To compare healing rate longitudinally using a within-patient control two-stage model before and after the introduction of an intervention, it is first necessary to assume that baseline healing follows a constant linear trajectory over the time interval in question. Only then is it possible or valid to observe a discontinuity in that trajectory when the intervention is introduced. PAR has been shown to follow a linear trajectory with respect to time, ¹⁵ making it a suitable metric for this purpose. Healing rate over 4 weeks has previously been used as the primary outcome in RCTs for comparing interventions. ³⁷

In this self-controlled study, the addition of intermittent NMES of the common peroneal nerve over a 4-week period doubled the rate of PAR, relative to a 4-week run-in period with compression alone (p = 0.016). The device was well tolerated, with 94.1% of subjects adhering to NMES therapy. This level of confidence in the efficacy of the intervention to accelerate wound healing was achieved in 8 weeks, with fewer than 60 subjects. This can be contrasted starkly with the discerning power of a cohort comparison for complete healing.

In the follow-up phase of the published study, 27% of the control group patients had healed by 3 months, whereas 42% of the NMES patients had healed by 3 months. Although apparently substantial, this increase is not statistically significant, owing to the binomial nature of the outcome, and the insufficient number of subjects in the follow-up phase of the study.

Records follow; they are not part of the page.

(* Let $m\ge 2$, let $B$ be a blocker in $CK(2m)$, and let $e=[i,j]\in B$ with $0\le i<j\le 2m-1$, so that $j-i-1=2k$ and $2m-(j-i)-1=2l$ with $k,l\ge 0$, $k+l=m-1$. Let $G_1^+$ be the complete convex geometric graph on the vertices $i,i+1,\dots,j$ and $G_2^+$ the one on the vertices $j,j+1,\dots,2m-1,0,1,\dots,i$. Then $B\cap E(G_1^+)$ is a blocker in $G_1^+$ (a blocking set with exactly $k+1$ edges), $B\cap E(G_2^+)$ is a blocker in $G_2^+$ (a blocking set with exactly $l+1$ edges), and no edge of $B$ crosses $e$ in an interior point. Consequently $B$ is crossing-free.
   Context: $CK(2m)$ denotes the complete convex geometric graph whose vertices are the $2m$ vertices of a convex polygon, labelled cyclically $0,1,\dots,2m-1$, and whose edges are all straight segments between pairs of vertices. Two edges with four distinct endpoints cross iff their endpoints alternate in the cyclic order. For a set of $2n$ points in convex position, consider the complete convex geometric graph on them; an SPM is a set of $n$ pairwise disjoint edges (no common endpoint and no crossing), a blocking set is a set of edges containing at least one edge of every SPM, and a blocker is a blocking set of exactly $n$ edges. $E(H)$ denotes the edge set of $H$. *)

theory Defs
  imports Main
begin

text \<open>Vertices of CK(2m) are the labels 0..2m-1 (natural numbers); a geometric
graph on a subset V of these labels inherits the cyclic (convex) order.
Edges are 2-element sets of vertices.\<close>

definition cgg_edges :: "nat set \<Rightarrow> nat set set" where
  "cgg_edges V = {{a, b} | a b. a \<in> V \<and> b \<in> V \<and> a \<noteq> b}"

text \<open>Two edges cross iff they have four distinct endpoints alternating in
the cyclic order; for labels this is the linear interleaving a < c < b < d.\<close>

definition crosses :: "nat set \<Rightarrow> nat set \<Rightarrow> bool" where
  "crosses e f \<longleftrightarrow> (\<exists>a b c d. e = {a, b} \<and> f = {c, d} \<and>
      ((a < c \<and> c < b \<and> b < d) \<or> (c < a \<and> a < d \<and> d < b)))"

definition SPM :: "nat set \<Rightarrow> nat set set \<Rightarrow> bool" where
  "SPM V M \<longleftrightarrow> M \<subseteq> cgg_edges V \<and> card M = card V div 2 \<and>
     (\<forall>e\<in>M. \<forall>f\<in>M. e \<noteq> f \<longrightarrow> e \<inter> f = {} \<and> \<not> crosses e f)"

definition blocking_set :: "nat set \<Rightarrow> nat set set \<Rightarrow> bool" where
  "blocking_set V S \<longleftrightarrow> S \<subseteq> cgg_edges V \<and> (\<forall>M. SPM V M \<longrightarrow> S \<inter> M \<noteq> {})"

Assuming healing rates of 27% versus 42%, a sample size calculation for a cohort comparison ³⁸ yields a required n of 412 patients, placing the study in a different category of feasibility even with this substantial effect size.

The methodology presented here is not without limitations: allocation blinding is problematic, because both patient and caregiver can see which intervention is applied; questions exist as to external validity, and the generalizability of findings to a larger population; recruitment, retention, and adherence lead to potential tension between PP and ITT analyses. However, all these limitations plainly also apply to the traditional complete healing RCT model, combined with additional problems resulting from intergroup variances, and the poor discriminant power of a sporadic binary endpoint.

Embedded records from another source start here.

(* Let $K$ be a unital commutative ring, let $A$ be a $K$-algebra, and let $L,M\subseteq A$ be Lie ideals. Then $A[L,M]A\subseteq A[L,M]$. Moreover, if $L_0\subseteq L$ and $M_0\subseteq M$ are subsets and $m,n\in\mathbb{N}$ satisfy $[A,L_0]_1\subseteq \Sigma^n L_0$ and $[A,M_0]_1\subseteq \Sigma^m M_0$, then \[ A\cdot [L_0,M_0]_1\cdot A\subseteq \Sigma^{1+n+m}\big(A\cdot[L_0,M_0]_1\big). \]
   Context: $K$-algebras are associative and not necessarily unital. For $x,y\in A$, $[x,y]=xy-yx$. For subsets $X,Y\subseteq A$: $[X,Y]$ is the additive subgroup generated by all $[x,y]$ ($x\in X,y\in Y$); $XY$ is the additive subgroup generated by all $xy$ ($x\in X,y\in Y$), and $XYZ=(XY)Z$; $[X,Y]_1=\{[x,y]: x\in X,y\in Y\}$ is the set of commutators; $X\cdot Y=\{xy:x\in X,y\in Y\}$ is the set of products (and $X\cdot Y\cdot Z$ the set of triple products); $\Sigma^n X=\{x_1+\dots+x_n: x_i\in X\}$. A Lie ideal of $A$ is a $K$-linear subspace $L$ with $[A,L]\subseteq L$. *)

theory Defs
  imports Main
begin

definition is_K_algebra :: "('k::comm_ring_1 \<Rightarrow> 'a::ring \<Rightarrow> 'a) \<Rightarrow> bool" where
  "is_K_algebra smult \<longleftrightarrow>
     (\<forall>k x y. smult k (x + y) = smult k x + smult k y) \<and>
     (\<forall>k l x. smult (k + l) x = smult k x + smult l x) \<and>
     (\<forall>k l x. smult (k * l) x = smult k (smult l x)) \<and>
     (\<forall>x. smult 1 x = x) \<and>
     (\<forall>k x y. smult k (x * y) = smult k x * y) \<and>
     (\<forall>k x y. smult k (x * y) = x * smult k y)"

definition lie_br :: "'a::ring \<Rightarrow> 'a \<Rightarrow> 'a" where
  "lie_br x y = x * y - y * x"

inductive_set addgen :: "'a::ab_group_add set \<Rightarrow> 'a set" for X where
  base: "x \<in> X \<Longrightarrow> x \<in> addgen X"
| zero: "0 \<in> addgen X"
| add: "x \<in> addgen X \<Longrightarrow> y \<in> addgen X \<Longrightarrow> x + y \<in> addgen X"
| neg: "x \<in> addgen X \<Longrightarrow> - x \<in> addgen X"

text \<open>[X,Y]: additive subgroup generated by commutators.\<close>
definition comm_grp :: "'a::ring set \<Rightarrow> 'a set \<Rightarrow> 'a set" where
  "comm_grp X Y = addgen {lie_br x y | x y. x \<in> X \<and> y \<in> Y}"

text \<open>XY: additive subgroup generated by products.\<close>
definition prod_grp :: "'a::ring set \<Rightarrow> 'a set \<Rightarrow> 'a set" where
  "prod_grp X Y = addgen {x * y | x y. x \<in> X \<and> y \<in> Y}"

text \<open>[X,Y]_1: set of commutators.\<close>
definition comm_set :: "'a::ring set \<Rightarrow> 'a set \<Rightarrow> 'a set" where
  "comm_set X Y = {lie_br x y | x y. x \<in> X \<and> y \<in> Y}"

text \<open>X . Y: set of products.\<close>
definition prod_set :: "'a::ring set \<Rightarrow> 'a set \<Rightarrow> 'a set" where
  "prod_set X Y = {x * y | x y. x \<in> X \<and> y \<in> Y}"

definition prod3_set :: "'a::ring set \<Rightarrow> 'a set \<Rightarrow> 'a set \<Rightarrow> 'a set" where
  "prod3_set X Y Z = {x * y * z | x y z. x \<in> X \<and> y \<in> Y \<and> z \<in> Z}"

text \<open>Sigma^n X: sums of exactly n elements of X (Sigma^0 X = {0}).\<close>
definition sigma_n :: "nat \<Rightarrow> 'a::monoid_add set \<Rightarrow> 'a set" where
  "sigma_n n X = {sum_list xs | xs. length xs = n \<and> set xs \<subseteq> X}"

definition lie_ideal :: "('k::comm_ring_1 \<Rightarrow> 'a::ring \<Rightarrow> 'a) \<Rightarrow> 'a set \<Rightarrow> bool" where
  "lie_ideal smult L \<longleftrightarrow>
     0 \<in> L \<and> (\<forall>x\<in>L. \<forall>y\<in>L. x + y \<in> L) \<and> (\<forall>k. \<forall>x\<in>L. smult k x \<in> L) \<and>
     (\<forall>a x. x \<in> L \<longrightarrow> lie_br a x \<in> L)"

end

theory Submission
  imports Defs "HOL.Modules"
begin

text \<open>Everything rests on one identity: moving b across a commutator gives
  \<open>[l,m] b = b [l,m] + [[l,m],b]\<close>, and since \<open>ad(-b)\<close> is a derivation,
  \<open>[[l,m],b] = [[-b,l],m] + [l,[-b,m]]\<close>. Hence
  \<open>a [l,m] b = ab [l,m] + a [[-b,l],m] + a [l,[-b,m]]\<close>, and every term on the right
  is a left multiple of a commutator with entries again in L and M (Lie ideals are
  stable under \<open>[-b,_]\<close>). For the counting statement, \<open>[-b,l]\<close> and \<open>[-b,m]\<close>
  split into n and m summands from L0 and M0, which gives the \<open>1 + n + m\<close> products.\<close>

lemma mult_lie_br_mult:
  fixes a b l m :: "'a::ring"
  shows "a * lie_br l m * b
    = a * b * lie_br l m + a * lie_br (lie_br (- b) l) m + a * lie_br l (lie_br (- b) m)"
  by (simp add: lie_br_def algebra_simps)

lemma additive_mult_right: "additive (\<lambda>x::'a::ring. x * b)"
  by unfold_locales (simp add: algebra_simps)

lemma additive_mult_sandwich: "additive (\<lambda>x::'a::ring. a * x * b)"
  by unfold_locales (simp add: algebra_simps)

lemma additive_mult_lie_br:
  fixes a l m :: "'a::ring"
  shows "additive (\<lambda>x. a * lie_br x m)" and "additive (\<lambda>x. a * lie_br l x)"
  by unfold_locales (simp_all add: lie_br_def algebra_simps)

lemma (in additive) sum_list_map: "f (sum_list xs) = sum_list (map f xs)"
  by (induction xs) (simp_all add: zero add)

lemma (in additive) addgen_image:
  assumes "f ` X \<subseteq> addgen Y" and "x \<in> addgen X"
  shows "f x \<in> addgen Y"
  using assms(2) by induction (use assms(1) in \<open>auto simp: zero add minus intro: addgen.intros\<close>)

lemma addgen_subset_addgen:
  assumes "X \<subseteq> addgen Y"
  shows "addgen X \<subseteq> addgen Y"
proof
  fix x assume "x \<in> addgen X"
  then show "x \<in> addgen Y"
    by induction (use assms in \<open>auto intro: addgen.intros\<close>)
qed

lemma prod_grp_subset_prod_grp:
  assumes "\<And>x y. x \<in> X \<Longrightarrow> y \<in> Y \<Longrightarrow> x * y \<in> prod_grp U V"
  shows "prod_grp X Y \<subseteq> prod_grp U V"
  using assms unfolding prod_grp_def by (intro addgen_subset_addgen) blast

lemma lie_br_mem_comm_grp: "l \<in> L \<Longrightarrow> m \<in> M \<Longrightarrow> lie_br l m \<in> comm_grp L M"
  unfolding comm_grp_def by (auto intro: addgen.base)

lemma mult_mem_prod_grp: "x \<in> X \<Longrightarrow> y \<in> Y \<Longrightarrow> x * y \<in> prod_grp X Y"
  unfolding prod_grp_def by (auto intro: addgen.base)

lemma mult_comm_grp_mult_mem:
  fixes L M :: "'a::ring set"
  assumes L: "\<And>a x. x \<in> L \<Longrightarrow> lie_br a x \<in> L"
    and M: "\<And>a x. x \<in> M \<Longrightarrow> lie_br a x \<in> M"
    and c: "c \<in> comm_grp L M"
  shows "a * c * b \<in> prod_grp UNIV (comm_grp L M)"
proof -
  let ?P = "prod_grp UNIV (comm_grp L M)"
  have "a * lie_br l m * b \<in> ?P" if "l \<in> L" "m \<in> M" for l m
  proof -
    have "a * b * lie_br l m \<in> ?P" "a * lie_br (lie_br (- b) l) m \<in> ?P"
      "a * lie_br l (lie_br (- b) m) \<in> ?P"
      using that L M by (blast intro: mult_mem_prod_grp lie_br_mem_comm_grp)+
    then show ?thesis
      unfolding mult_lie_br_mult prod_grp_def by (blast intro: addgen.add)
  qed
  then have "(\<lambda>x. a * x * b) ` {lie_br l m | l m. l \<in> L \<and> m \<in> M}
      \<subseteq> addgen {x * y | x y. x \<in> UNIV \<and> y \<in> comm_grp L M}"
    unfolding prod_grp_def by blast
  with c show ?thesis
    unfolding prod_grp_def[of UNIV] comm_grp_def[of L M]
    by (blast intro: additive.addgen_image[OF additive_mult_sandwich])
qed

lemma prod_grp_UNIV_comm_grp_mult_mem:
  fixes L M :: "'a::ring set"
  assumes L: "\<And>a x. x \<in> L \<Longrightarrow> lie_br a x \<in> L"
    and M: "\<And>a x. x \<in> M \<Longrightarrow> lie_br a x \<in> M"
    and y: "y \<in> prod_grp UNIV (comm_grp L M)"
  shows "y * b \<in> prod_grp UNIV (comm_grp L M)"
  using additive.addgen_image[OF additive_mult_right,
      where X = "{x * c | x c. x \<in> UNIV \<and> c \<in> comm_grp L M}"]
    y mult_comm_grp_mult_mem[OF L M]
  unfolding prod_grp_def[of UNIV] by blast

lemma prod_grp_prod_grp_UNIV_comm_grp:
  fixes L M :: "'a::ring set"
  assumes "\<And>a x. x \<in> L \<Longrightarrow> lie_br a x \<in> L"
    and "\<And>a x. x \<in> M \<Longrightarrow> lie_br a x \<in> M"
  shows "prod_grp (prod_grp UNIV (comm_grp L M)) UNIV \<subseteq> prod_grp UNIV (comm_grp L M)"
  by (rule prod_grp_subset_prod_grp) (use prod_grp_UNIV_comm_grp_mult_mem[OF assms] in blast)

lemma prod3_set_comm_set_subset_sigma_n:
  fixes L0 M0 :: "'a::ring set"
  assumes L0: "comm_set UNIV L0 \<subseteq> sigma_n n L0"
    and M0: "comm_set UNIV M0 \<subseteq> sigma_n m M0"
  shows "prod3_set UNIV (comm_set L0 M0) UNIV
           \<subseteq> sigma_n (1 + n + m) (prod_set UNIV (comm_set L0 M0))"
proof
  fix z assume "z \<in> prod3_set UNIV (comm_set L0 M0) UNIV"
  then obtain a b l u where z: "z = a * lie_br l u * b" and l: "l \<in> L0" and u: "u \<in> M0"
    unfolding prod3_set_def comm_set_def by auto
  obtain ls where ls: "lie_br (- b) l = sum_list ls" "length ls = n" "set ls \<subseteq> L0"
    using L0 l unfolding comm_set_def sigma_n_def by blast
  obtain us where us: "lie_br (- b) u = sum_list us" "length us = m" "set us \<subseteq> M0"
    using M0 u unfolding comm_set_def sigma_n_def by blast
  define xs where
    "xs = a * b * lie_br l u # map (\<lambda>x. a * lie_br x u) ls @ map (\<lambda>x. a * lie_br l x) us"
  have "c * lie_br x y \<in> prod_set UNIV (comm_set L0 M0)" if "x \<in> L0" "y \<in> M0" for c x y
    using that unfolding prod_set_def comm_set_def by blast
  then have "set xs \<subseteq> prod_set UNIV (comm_set L0 M0)"
    using ls us l u unfolding xs_def by auto
  moreover have "length xs = 1 + n + m"
    using ls us by (simp add: xs_def)
  moreover have "z = sum_list xs"
    unfolding z mult_lie_br_mult xs_def ls(1) us(1)
    by (simp add: additive.sum_list_map[OF additive_mult_lie_br(1)]
        additive.sum_list_map[OF additive_mult_lie_br(2)] add.assoc)
  ultimately show "z \<in> sigma_n (1 + n + m) (prod_set UNIV (comm_set L0 M0))"
    unfolding sigma_n_def by blast
qed

theorem lemma3p1:
  fixes smult :: "'k::comm_ring_1 \<Rightarrow> 'a::ring \<Rightarrow> 'a"
    and L M :: "'a set"
  assumes alg: "is_K_algebra smult"
    and L: "lie_ideal smult L" and M: "lie_ideal smult M"
  shows "prod_grp (prod_grp UNIV (comm_grp L M)) UNIV \<subseteq> prod_grp UNIV (comm_grp L M) \<and>
         (\<forall>L0 M0 (m::nat) (n::nat).
           L0 \<subseteq> L \<longrightarrow> M0 \<subseteq> M \<longrightarrow>
           comm_set UNIV L0 \<subseteq> sigma_n n L0 \<longrightarrow>
           comm_set UNIV M0 \<subseteq> sigma_n m M0 \<longrightarrow>
           prod3_set UNIV (comm_set L0 M0) UNIV
             \<subseteq> sigma_n (1 + n + m) (prod_set UNIV (comm_set L0 M0)))"
proof (intro conjI allI impI)
  have "\<And>a x. x \<in> L \<Longrightarrow> lie_br a x \<in> L" and "\<And>a x. x \<in> M \<Longrightarrow> lie_br a x \<in> M"
    using L M by (simp_all add: lie_ideal_def)
  then show "prod_grp (prod_grp UNIV (comm_grp L M)) UNIV \<subseteq> prod_grp UNIV (comm_grp L M)"
    by (rule prod_grp_prod_grp_UNIV_comm_grp)
qed (rule prod3_set_comm_set_subset_sigma_n)

end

The binomial nature of complete healing as an outcome, although a shortcoming statistically, is also one of the principal reasons for its historical use in wound studies. “Healed/not healed?” has historically been more easily and more reliably observed than “How much healed?,” because it requires no quantification. This landscape is changing rapidly now, as more sophisticated wound measuring technologies emerge, which are ever easier to use, more accurate, less expensive, and more prevalent, ³⁹ often requiring only a smartphone with a suitable application installed.

CONCLUSIONS

We need to challenge current dogma that exists in wound studies if we are to make progress in treating patients with chronic wounds. Although it is understandable that complete healing is the desired outcome for such studies to prove efficacy of an intervention, the practical challenges encountered in following this approach are often impossible to overcome. Hence, we still only have minimal proof of any intervention being effective in such wounds. New ways of approaching this problem are required. The design used in this study allows us to calculate a healing rate in an individual using current best practice or SOC. It can be shown that after a 4-week period of observation, patients randomized to continue with the SOC maintained a consistent healing trajectory, whereas the healing rate in the group of patients additionally exposed to NMES improved significantly (p = 0.016).

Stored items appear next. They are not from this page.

lemma infdist_affine_fin_dim_subspace:
  fixes E :: "'v::real_inner set"
  assumes E: "fin_dim_subspace E"
  shows "infdist z ((+) c ` E) = norm ((z - c) - orth_proj E (z - c))"
proof (rule antisym)
  let ?p = "orth_proj E (z - c)"
  have "c + ?p \<in> (+) c ` E"
    using orth_proj_in[OF E] by blast
  then have "infdist z ((+) c ` E) \<le> dist z (c + ?p)"
    by (rule infdist_le)
  then show "infdist z ((+) c ` E) \<le> norm ((z - c) - ?p)"
    by (simp add: dist_norm algebra_simps)
  have ne: "(+) c ` E \<noteq> {}"
    using \<open>c + ?p \<in> (+) c ` E\<close> by blast
  show "norm ((z - c) - ?p) \<le> infdist z ((+) c ` E)"
    unfolding infdist_notempty[OF ne]
  proof (rule cINF_greatest[OF ne])
    fix a assume "a \<in> (+) c ` E"
    then obtain q where q: "q \<in> E" "a = c + q"
      by blast
    have "?p - q \<in> E"
      using E q(1) orth_proj_in fin_dim_subspace_imp_subspace subspace_diff by blast
    then have "orthogonal ((z - c) - ?p) (?p - q)"
      using E orth_proj_residual orthogonal_compD by blast
    then have "(norm (z - a))\<^sup>2 = (norm ((z - c) - ?p))\<^sup>2 + (norm (?p - q))\<^sup>2"
      using norm_add_Pythagorean q(2) by (metis (no_types, lifting) diff_add_cancel diff_diff_eq)
    then have "(norm ((z - c) - ?p))\<^sup>2 \<le> (norm (z - a))\<^sup>2"
      by simp
    then show "norm ((z - c) - ?p) \<le> dist z a"
      unfolding dist_norm by (rule power2_le_imp_le) simp
  qed
qed

section \<open>Stability of the PBDW estimator\<close>

lemma mu_EW_finiteE:
  fixes W E :: "'v::real_inner set"
  assumes W: "fin_dim_subspace W" and fin: "mu_EW E W < \<infinity>"
  obtains \<mu> where "mu_EW E W = ereal \<mu>" "1 \<le> \<mu>"
    "\<And>g. g \<in> E \<Longrightarrow> norm g \<le> \<mu> * norm (orth_proj W g)"
proof (cases "E - {0} = {}")
  case True
  then show thesis
    using that[of 1] unfolding mu_EW_def by force
next
  case False
  have ratio: "orth_proj W v \<noteq> 0 \<and> ereal (norm v / norm (orth_proj W v)) \<le> mu_EW E W"
    if v: "v \<in> E - {0}" for v
  proof -
    have "(if orth_proj W v = 0 then \<infinity> else ereal (norm v / norm (orth_proj W v))) \<le> mu_EW E W"
      unfolding mu_EW_def if_not_P[OF False] using v by (rule SUP_upper)
    then show ?thesis
      using fin by (auto split: if_splits)
  qed
  obtain v0 where v0: "v0 \<in> E - {0}"
    using False by blast
  have "1 \<le> norm v0 / norm (orth_proj W v0)"
    using ratio[OF v0] norm_orth_proj_le[OF W, of v0] by simp
  then have "ereal 1 \<le> mu_EW E W"
    using ratio[OF v0] by (meson ereal_less_eq(3) order_trans)
  then obtain \<mu> where \<mu>: "mu_EW E W = ereal \<mu>" "1 \<le> \<mu>"
    using fin by (cases "mu_EW E W") auto
  have "norm g \<le> \<mu> * norm (orth_proj W g)" if g: "g \<in> E" for g
  proof (cases "g = 0")
    case False
    then have "orth_proj W g \<noteq> 0" "norm g / norm (orth_proj W g) \<le> \<mu>"
      using ratio[of g] g \<mu>(1) by auto
    then show ?thesis
      by (simp add: divide_le_eq mult.commute)
  qed (use \<mu>(2) in simp)
  with \<mu> that show thesis
    by blast
qed

lemma orthogonal_if_norm_le_add_scaleR:
  fixes a x :: "'a::real_inner"
  assumes min: "\<And>l. norm a \<le> norm (a + l *\<^sub>R x)"
  shows "orthogonal a x"
proof (cases "x = 0")
  case False
  then have xx: "0 < x \<bullet> x"
    by simp
  define l where "l = - (a \<bullet> x) / (x \<bullet> x)"
  have "a \<bullet> a \<le> (a + l *\<^sub>R x) \<bullet> (a + l *\<^sub>R x)"
    using min[of l] by (simp add: power_mono flip: power2_norm_eq_inner)
  also have "\<dots> = a \<bullet> a + 2 * l * (a \<bullet> x) + l\<^sup>2 * (x \<bullet> x)"
    by (simp add: inner_add_left inner_add_right inner_commute power2_eq_square algebra_simps)
  also have "\<dots> = a \<bullet> a - (a \<bullet> x)\<^sup>2 / (x \<bullet> x)"
    using xx unfolding l_def by (simp add: field_simps power2_eq_square)
  finally have "(a \<bullet> x)\<^sup>2 \<le> 0"
    using xx by (simp add: divide_le_0_iff)
  then show ?thesis
    by (simp add: orthogonal_def)
qed (simp add: orthogonal_clauses)

lemma pbdw_residual_orthogonal:
  fixes W V :: "'v::real_inner set"
  assumes V: "fin_dim_subspace V"
    and us: "us \<in> (+) w ` orthogonal_comp W"
    and opt: "\<forall>v\<in>(+) w ` orthogonal_comp W. infdist us ((+) c ` V) \<le> infdist v ((+) c ` V)"
    and t: "t \<in> orthogonal_comp W"
  shows "orthogonal ((us - c) - orth_proj V (us - c)) (t - orth_proj V t)"
proof (rule orthogonal_if_norm_le_add_scaleR)
  fix l :: real
  have lin: "linear (orth_proj V)"
    by (rule linear_orth_proj[OF V])
  obtain t0 where t0: "t0 \<in> orthogonal_comp W" "us = w + t0"
    using us by blast
  have "t0 + l *\<^sub>R t \<in> orthogonal_comp W"
    using t t0(1) subspace_orthogonal_comp subspace_scale subspace_add by blast
  moreover have "us + l *\<^sub>R t = w + (t0 + l *\<^sub>R t)"
    using t0(2) by simp
  ultimately have "us + l *\<^sub>R t \<in> (+) w ` orthogonal_comp W"
    by (rule rev_image_eqI)
  then have "infdist us ((+) c ` V) \<le> infdist (us + l *\<^sub>R t) ((+) c ` V)"
    using opt by blast
  moreover have "(us + l *\<^sub>R t - c) - orth_proj V (us + l *\<^sub>R t - c)
      = ((us - c) - orth_proj V (us - c)) + l *\<^sub>R (t - orth_proj V t)"
    using linear_add[OF lin, of "us - c" "l *\<^sub>R t"] linear_scale[OF lin, of l t]
    by (simp add: algebra_simps)
  ultimately show "norm ((us - c) - orth_proj V (us - c))
      \<le> norm ((us - c) - orth_proj V (us - c) + l *\<^sub>R (t - orth_proj V t))"
    by (simp add: infdist_affine_fin_dim_subspace[OF V])
qed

PAR is a useful alternative to complete healing as a metric for comparing the performance of wound healing interventions, and the within-patient controlled trial design allows sensitive discrimination with a relatively small number of subjects over a reasonably short trial period. We suggest that looking at such long-term research design challenges with fresh eyes may prevent many more patients from suffering from chronic wounds for long periods of time when potential interventions are not seen as having proof of efficacy.